Mayo Clinic researchers are developing ways to employ artificial intelligence (AI) to increase the detection of potentially cancerous polyps during colonoscopy. The procedure, which remains the standard of care for screening for and preventing colorectal cancer may miss lesions that later lead to more than half of post-colonoscopy cancer cases according to some studies.
Colonoscopy’s success lies in its ability to detect and allow a gastroenterologist to eliminate pre-cancerous polyps to help prevent colorectal cancer from developing. However, polyps are often hardest to spot in patients most in need of screening—patients with inflammatory bowel diseases IBD) like Crohn’s disease or ulcerative colitis who are at the highest risk of developing colorectal cancer. Pre-cancerous lesions in this population of patients tend to present as flat, or only slightly raised, making them easy to miss during the procedure.
The team at Mayo Clinic, however, are developing and AI application trained to recognize these hard-to-see features to work alongside physicians in real time to alert them to their presence by drawing red boxes around the polyps that could get overlooked.
“We’re all familiar with facial recognition software,” said James East, M.D., a gastroenterologist at Mayo Clinic Healthcare in London. “Instead of training AI to recognize faces, we train it to recognize polyps.”
To help train the AI model, Mayo Clinic turned to its large databank of surveillance colonoscopies it has conducted in the past. According to Nayantara Coelho-Prabhu, M.B.B.S., a gastroenterologist at Mayo Clinic in Rochester, Minnesota, the organization uniquely qualified to develop this form of AI as it routine conducts between 800 and 900 colonoscopies each year. She noted that the Mayo databank contains what is referred to as “ground truth”—real-world observations and measurements that can be used to train and test the AI algorithms.
Coelho-Prabhu and team have selected a subset of 1,000 patients and are now meticulously annotating data from them by watching each colonoscopy video to mark lesions in every fram from every angle that it will use to train the algorithm to recognize IBD-specific polyps.

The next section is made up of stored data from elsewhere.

lemma finite_full_chains: "finite L \<Longrightarrow> finite (Collect (full_chain L))"
proof (rule finite_subset)
  show "Collect (full_chain L) \<subseteq> Pow (L \<times> L)"
    using full_chain_labels mem_labelsI by fastforce
qed simp

lemma card_full_chains_step:
  assumes "finite L" "2 \<le> card L"
  shows "card (Collect (full_chain L)) =
    card (Collect (full_chain (L - {Min L}))) + card (Collect (full_chain (L - {Max L})))"
proof -
  define A B where "A = Collect (full_chain (L - {Min L}))" and "B = Collect (full_chain (L - {Max L}))"
  have "A \<inter> B = {}"
  proof (intro equalityI subsetI)
    fix H
    assume "H \<in> A \<inter> B"
    then have "labels H = L - {Min L}" "labels H = L - {Max L}"
      unfolding A_def B_def using full_chain_labels by auto
    moreover have "Max L \<in> L - {Min L}"
      using card_ge_2_Min_Max[OF assms] by auto
    ultimately show "H \<in> {}"
      by blast
  qed simp
  moreover have "inj_on (insert (Min L, Max L)) (A \<union> B)"
  proof
    have "(Min L, Max L) \<notin> H" if "H \<in> A \<union> B" for H
    proof -
      have "labels H = L - {Min L} \<or> labels H = L - {Max L}"
        using that full_chain_labels unfolding A_def B_def by blast
      then show ?thesis
        using mem_labelsI[of "Min L" "Max L" H] by blast
    qed
    then show "H1 = H2"
      if "H1 \<in> A \<union> B" "H2 \<in> A \<union> B" "insert (Min L, Max L) H1 = insert (Min L, Max L) H2" for H1 H2
      using that by (simp add: insert_ident)
  qed
  moreover have "finite A" "finite B"
    unfolding A_def B_def using assms(1) by (simp_all add: finite_full_chains)
  ultimately show ?thesis
    unfolding full_chains_step[OF assms] A_def B_def by (simp add: card_image card_Un_disjoint)
qed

In addition, Coelho-Prabhu and her colleague gastroenterologist Cadman Leggett, M.D., are developing a new digital endoscopy platform to allow for the filming of all in-house procedures, correlate them with patient medical records, and them integrate AI back into standard procedures as applicable.
“Once we develop algorithms, we can run them in our procedure videos to test their performance,” Coelho-Prabhu said.
The development of an AI algorithm to aid in colorectal cancer, while the most advanced, is not the only project at Mayo Clinic looking to using its automated learning capabilities to aid in disease detection and treatment.
The academic medical center also has an AI-focused program that is seeking to use natural-language processing (NLP) to scan medical notes in patients’ electronic health records to spot risk factors that may make them susceptible to developing pancreatic cancer. The program, led by Shounak Majumder, M.D., hopes that the NLP screening to identify those most at risk can be employed as a tool to identify patients who should receive additional screening.